Location
- 4855 Mallow Road Colorado Springs, Colorado United States 38°53′51″N 104°48′41″W﻿ / ﻿38.89738°N 104.81136°W

Information
- Type: Private Christian school
- Motto: Excellent Education. Biblical Perspective. Lifelong Service.
- Established: 1972 (54 years ago)
- CEEB code: 060269
- Faculty: 48.5
- Grades: Pre-k to 12th grade
- Colors: Navy and gold
- Athletics conference: Tri-Peaks League
- Mascot: Lions
- Accreditation: ACSI
- Website: www.cscslions.org

= Colorado Springs Christian Schools =

Private Christian school in Colorado, United States

Colorado Springs Christian Schools is a private pre-k through 12th grade Christian school system in the cities of Colorado Springs, Colorado and Woodland Park, Colorado.

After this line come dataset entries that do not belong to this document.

(* Let $S$ be a $d\times d$ symmetric positive semidefinite matrix and $L,U$ symmetric $d\times d$ matrices with entries in $\mathbb{R}\cup\{-\infty,+\infty\}$ such that $L_{ij}\le0\le U_{ij}$ for $i\ne j$ and $L_{ii}=U_{ii}=0$. Consider the problem of minimizing $-\log\det K+\operatorname{tr}(SK)+\|K\|_{LU}$ over positive definite $K$. If the optimum exists, it is the unique positive definite matrix $\widehat K$, with $\widehat\Sigma=\widehat K^{-1}$, satisfying for all $i,j\in V=\{1,\dots,d\}$: $\widehat\Sigma_{ij}-S_{ij}\in\{L_{ij}\}$ if $\widehat K_{ij}<0$; $\widehat\Sigma_{ij}-S_{ij}\in[L_{ij},U_{ij}]$ if $\widehat K_{ij}=0$; $\widehat\Sigma_{ij}-S_{ij}\in\{U_{ij}\}$ if $\widehat K_{ij}>0$.
   Context: $\|K\|_{LU}=\sum_{i\neq j}\max\{L_{ij}K_{ij},U_{ij}K_{ij}\}$ with the convention $\pm\infty\cdot0=0$. *)

theory Defs
  imports "HOL-Analysis.Analysis"
begin

definition psd_mat :: "real^'d^'d \<Rightarrow> bool" where
  "psd_mat A \<longleftrightarrow> transpose A = A \<and> (\<forall>x. 0 \<le> x \<bullet> (A *v x))"

definition pd_mat :: "real^'d^'d \<Rightarrow> bool" where
  "pd_mat A \<longleftrightarrow> transpose A = A \<and> (\<forall>x. x \<noteq> 0 \<longrightarrow> 0 < x \<bullet> (A *v x))"

text \<open>LU-norm: sum over off-diagonal pairs of max(L_ij K_ij, U_ij K_ij); ereal
  multiplication already satisfies (+-infinity) * 0 = 0.\<close>
definition LU_norm :: "ereal^'d^'d \<Rightarrow> ereal^'d^'d \<Rightarrow> real^'d^'d \<Rightarrow> ereal" where
  "LU_norm L U K = (\<Sum>(i,j)\<in>{(i,j). i \<noteq> j}.
      max (L$i$j * ereal (K$i$j)) (U$i$j * ereal (K$i$j)))"

definition objective :: "real^'d^'d \<Rightarrow> ereal^'d^'d \<Rightarrow> ereal^'d^'d \<Rightarrow> real^'d^'d \<Rightarrow> ereal" where
  "objective S L U K = ereal (- ln (det K) + trace (S ** K)) + LU_norm L U K"

definition optimality_cond :: "real^'d^'d \<Rightarrow> ereal^'d^'d \<Rightarrow> ereal^'d^'d \<Rightarrow> real^'d^'d \<Rightarrow> bool" where
  "optimality_cond S L U K \<longleftrightarrow> (\<forall>i j.
      (K$i$j < 0 \<longrightarrow> ereal (matrix_inv K $i$j - S$i$j) = L$i$j) \<and>
      (K$i$j = 0 \<longrightarrow> L$i$j \<le> ereal (matrix_inv K $i$j - S$i$j) \<and>
                        ereal (matrix_inv K $i$j - S$i$j) \<le> U$i$j) \<and>
      (K$i$j > 0 \<longrightarrow> ereal (matrix_inv K $i$j - S$i$j) = U$i$j))"

end

theory Submission
  imports Defs
begin
(* Let $\epsilon\in[0,1]$, let $\theta$ be any softmax parameter, and let $\hat\xi=(\hat\xi_1,\dots,\hat\xi_n)$ be the $\epsilon$-exploration policy of $\xi^\theta$, i.e. $\hat\xi_i(a_i\mid s_i)=(1-\epsilon)\xi_i^{\theta_i}(a_i\mid s_i)+\epsilon/|\mathcal A_i|$ for all $i,s_i,a_i$. Then for every agent $i$, $$\max_{s\in\mathcal S,\,a_i\in\mathcal A_i}\left|\overline Q_i^{\hat\xi}(s,a_i)-\overline Q_i^{\xi^\theta}(s,a_i)\right|\le\frac{6n\epsilon}{(1-\gamma)^2}.$$
   Context: Networked Markov game. There are $n$ agents $\mathcal N=\{1,\dots,n\}$ placed at the nodes of an undirected graph $\mathcal G=(\mathcal N,\mathcal E)$ with graph distance $\mathrm{dist}$. For an integer $\kappa\ge0$, $N_i^\kappa=\{j\in\mathcal N:\mathrm{dist}(i,j)\le\kappa\}$ (so $i\in N_i^\kappa$), $\mathcal N_i=N_i^1$, $-N_i^\kappa=\mathcal N\setminus N_i^\kappa$, and $n(\kappa)=\max_i|N_i^\kappa|$. Agent $i$ has a finite local state space $\mathcal S_i$ and a finite local action space $\mathcal A_i$; $\mathcal S=\prod_i\mathcal S_i$, $\mathcal A=\prod_i\mathcal A_i$, and for $I\subseteq\mathcal N$ we write $s_I,a_I,\mathcal S_I,\mathcal A_I$ for the joint states/actions/spaces of the agents in $I$ (the subscript $-i$ means $\mathcal N\setminus\{i\}$). The dynamics are $\mathcal P(s'\mid s,a)=\prod_i\mathcal P_i(s_i'\mid s_{\mathcal N_i},a_i)$, the initial distribution is $\mu\in\Delta(\mathcal S)$, and $\gamma\in(0,1)$ is a discount factor. Each agent has a reward $r_i:\mathcal S\times\mathcal A\to[0,1]$ depending only on $(s_{N_i^{\kappa_r}},a_{N_i^{\kappa_r}})$ for a fixed integer $\kappa_r\ge0$. A joint policy $\xi=(\xi_1,\dots,\xi_n)$ acts by $\xi(a\mid s)=\prod_i\xi_i(a_i\mid s_i)$. For a joint policy $\xi$: $Q_i^\xi(s,a)=\sum_{t\ge0}\gamma^t\mathbb E_\xi[r_i(s(t),a(t))\mid s(0)=s,a(0)=a]$; $\overline Q_i^\xi(s,a_i)=\mathbb E_{a_{-i}\sim\xi_{-i}(\cdot\mid s_{-i})}Q_i^\xi(s,a_i,a_{-i})$. Softmax policies: for $\theta_i\in\mathbb R^{|\mathcal S_i||\mathcal A_i|}$, $\xi_i^{\theta_i}(a_i\mid s_i)=\exp(\theta_{i,s_i,a_i})/\sum_{a_i'\in\mathcal A_i}\exp(\theta_{i,s_i,a_i'})$; $\xi^\theta=(\xi_1^{\theta_1},\dots,\xi_n^{\theta_n})$. *)

theory Defs
  imports "HOL-Analysis.Analysis"
begin

definition agents :: "nat \<Rightarrow> nat set" where
  "agents n = {0..<n}"

definition edge_rel :: "nat \<Rightarrow> (nat \<Rightarrow> nat \<Rightarrow> bool) \<Rightarrow> nat \<Rightarrow> nat \<Rightarrow> bool" where
  "edge_rel n E x y \<longleftrightarrow> x < n \<and> y < n \<and> E x y"

definition nbhd :: "nat \<Rightarrow> (nat \<Rightarrow> nat \<Rightarrow> bool) \<Rightarrow> nat \<Rightarrow> nat \<Rightarrow> nat set" where
  "nbhd n E k i = {j \<in> agents n. \<exists>m\<le>k. (edge_rel n E ^^ m) i j}"

definition jS :: "nat \<Rightarrow> (nat \<Rightarrow> 's set) \<Rightarrow> (nat \<Rightarrow> 's) set" where
  "jS n S = PiE (agents n) S"

definition jA :: "nat \<Rightarrow> (nat \<Rightarrow> 'a set) \<Rightarrow> (nat \<Rightarrow> 'a) set" where
  "jA n A = PiE (agents n) A"

definition trans :: "nat \<Rightarrow> (nat \<Rightarrow> (nat \<Rightarrow> 's) \<Rightarrow> 'a \<Rightarrow> 's \<Rightarrow> real)
    \<Rightarrow> (nat \<Rightarrow> 's) \<Rightarrow> (nat \<Rightarrow> 'a) \<Rightarrow> (nat \<Rightarrow> 's) \<Rightarrow> real" where
  "trans n P s a s' = (\<Prod>i\<in>agents n. P i s (a i) (s' i))"

definition jpol :: "nat \<Rightarrow> (nat \<Rightarrow> 's \<Rightarrow> 'a \<Rightarrow> real) \<Rightarrow> (nat \<Rightarrow> 's) \<Rightarrow> (nat \<Rightarrow> 'a) \<Rightarrow> real" where
  "jpol n \<xi> s a = (\<Prod>i\<in>agents n. \<xi> i (s i) (a i))"

text \<open>occ n S A P xi t s0 a0 s a = Pr_xi[(s(t),a(t)) = (s,a) | s(0)=s0, a(0)=a0].\<close>
primrec occ :: "nat \<Rightarrow> (nat \<Rightarrow> 's set) \<Rightarrow> (nat \<Rightarrow> 'a set)
    \<Rightarrow> (nat \<Rightarrow> (nat \<Rightarrow> 's) \<Rightarrow> 'a \<Rightarrow> 's \<Rightarrow> real) \<Rightarrow> (nat \<Rightarrow> 's \<Rightarrow> 'a \<Rightarrow> real)
    \<Rightarrow> nat \<Rightarrow> (nat \<Rightarrow> 's) \<Rightarrow> (nat \<Rightarrow> 'a) \<Rightarrow> (nat \<Rightarrow> 's) \<Rightarrow> (nat \<Rightarrow> 'a) \<Rightarrow> real" where
  "occ n S A P \<xi> 0 s0 a0 s a = (if s = s0 \<and> a = a0 then 1 else 0)"
| "occ n S A P \<xi> (Suc t) s0 a0 s' a' =
     (\<Sum>s\<in>jS n S. \<Sum>a\<in>jA n A. occ n S A P \<xi> t s0 a0 s a * trans n P s a s' * jpol n \<xi> s' a')"

definition Qfun :: "nat \<Rightarrow> (nat \<Rightarrow> 's set) \<Rightarrow> (nat \<Rightarrow> 'a set)
    \<Rightarrow> (nat \<Rightarrow> (nat \<Rightarrow> 's) \<Rightarrow> 'a \<Rightarrow> 's \<Rightarrow> real)
    \<Rightarrow> (nat \<Rightarrow> (nat \<Rightarrow> 's) \<Rightarrow> (nat \<Rightarrow> 'a) \<Rightarrow> real) \<Rightarrow> real
    \<Rightarrow> (nat \<Rightarrow> 's \<Rightarrow> 'a \<Rightarrow> real) \<Rightarrow> nat \<Rightarrow> (nat \<Rightarrow> 's) \<Rightarrow> (nat \<Rightarrow> 'a) \<Rightarrow> real" where
  "Qfun n S A P r \<gamma> \<xi> i s0 a0 =
     (\<Sum>t. \<gamma> ^ t * (\<Sum>s\<in>jS n S. \<Sum>a\<in>jA n A. occ n S A P \<xi> t s0 a0 s a * r i s a))"

definition Qbar :: "nat \<Rightarrow> (nat \<Rightarrow> 's set) \<Rightarrow> (nat \<Rightarrow> 'a set)
    \<Rightarrow> (nat \<Rightarrow> (nat \<Rightarrow> 's) \<Rightarrow> 'a \<Rightarrow> 's \<Rightarrow> real)
    \<Rightarrow> (nat \<Rightarrow> (nat \<Rightarrow> 's) \<Rightarrow> (nat \<Rightarrow> 'a) \<Rightarrow> real) \<Rightarrow> real
    \<Rightarrow> (nat \<Rightarrow> 's \<Rightarrow> 'a \<Rightarrow> real) \<Rightarrow> nat \<Rightarrow> (nat \<Rightarrow> 's) \<Rightarrow> 'a \<Rightarrow> real" where
  "Qbar n S A P r \<gamma> \<xi> i s ai =
     (\<Sum>a\<in>{a \<in> jA n A. a i = ai}.
        (\<Prod>j\<in>agents n - {i}. \<xi> j (s j) (a j)) * Qfun n S A P r \<gamma> \<xi> i s a)"

definition softmax :: "(nat \<Rightarrow> 'a set) \<Rightarrow> (nat \<Rightarrow> 's \<Rightarrow> 'a \<Rightarrow> real) \<Rightarrow> nat \<Rightarrow> 's \<Rightarrow> 'a \<Rightarrow> real" where
  "softmax A \<theta> i si ai = exp (\<theta> i si ai) / (\<Sum>b\<in>A i. exp (\<theta> i si b))"

definition explore :: "(nat \<Rightarrow> 'a set) \<Rightarrow> real \<Rightarrow> (nat \<Rightarrow> 's \<Rightarrow> 'a \<Rightarrow> real) \<Rightarrow> nat \<Rightarrow> 's \<Rightarrow> 'a \<Rightarrow> real" where
  "explore A \<epsilon> \<xi> i si ai = (1 - \<epsilon>) * \<xi> i si ai + \<epsilon> / real (card (A i))"

end

theory Submission
  imports Defs
begin

text \<open>The \<epsilon>-exploration policy is within total variation 2\<epsilon> of the softmax policy at every
  agent and state, so the two joint (product) policies are within 2n\<epsilon> of each other.  Coupling
  the two processes step by step, this gap accumulates at most linearly in the distribution of
  (s(t), a(t)), so the expected rewards at time t differ by at most 2n\<epsilon>(t+1) and the Q-functions
  by sum_t \<gamma>^t 2n\<epsilon>(t+1) = 2n\<epsilon>/(1-\<gamma>)^2.  Averaging over the other agents' actions costs a
  further 2n\<epsilon>/(1-\<gamma>), since Q is bounded by 1/(1-\<gamma>).\<close>

lemma abs_diff_mult_le:
  fixes x1 x2 y1 y2 :: real
  assumes "0 \<le> y1" "0 \<le> x2"
  shows "\<bar>x1 * y1 - x2 * y2\<bar> \<le> \<bar>x1 - x2\<bar> * y1 + x2 * \<bar>y1 - y2\<bar>"
proof -
  have "x1 * y1 - x2 * y2 = (x1 - x2) * y1 + x2 * (y1 - y2)"
    by (simp add: algebra_simps)
  then show ?thesis
    using assms by (metis abs_mult abs_of_nonneg abs_triangle_ineq)
qed

lemma sum_PiE_insert:
  assumes "x \<notin> I"
  shows "(\<Sum>g\<in>PiE (insert x I) B. F g) = (\<Sum>y\<in>B x. \<Sum>g\<in>PiE I B. F (g(x:=y)))"
proof -
  have "(\<Sum>g\<in>PiE (insert x I) B. F g) = (\<Sum>(y, g)\<in>B x \<times> PiE I B. F (g(x:=y)))"
    unfolding PiE_insert_eq by (subst sum.reindex[OF inj_combinator[OF assms]]) (simp add: o_def split_def)
  then show ?thesis
    by (simp add: sum.cartesian_product)
qed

Its "Colorado Springs Campus" is at 4855 Mallow Road, and its "Woodland Park Campus" is at 1003 Tamarac Parkway. It has two middle schools and includes Colorado Springs Christian High School.

It was founded in 1971.

According to its superintendent, Roland DeRenzo, it "starts from the reference point of people being biologically male or female".

The Woodland Park campus was opened in 2005 as a K-5th grade school, and added 6th, 7th, and 8th grade levels successively in 2019, 2020, and 2021.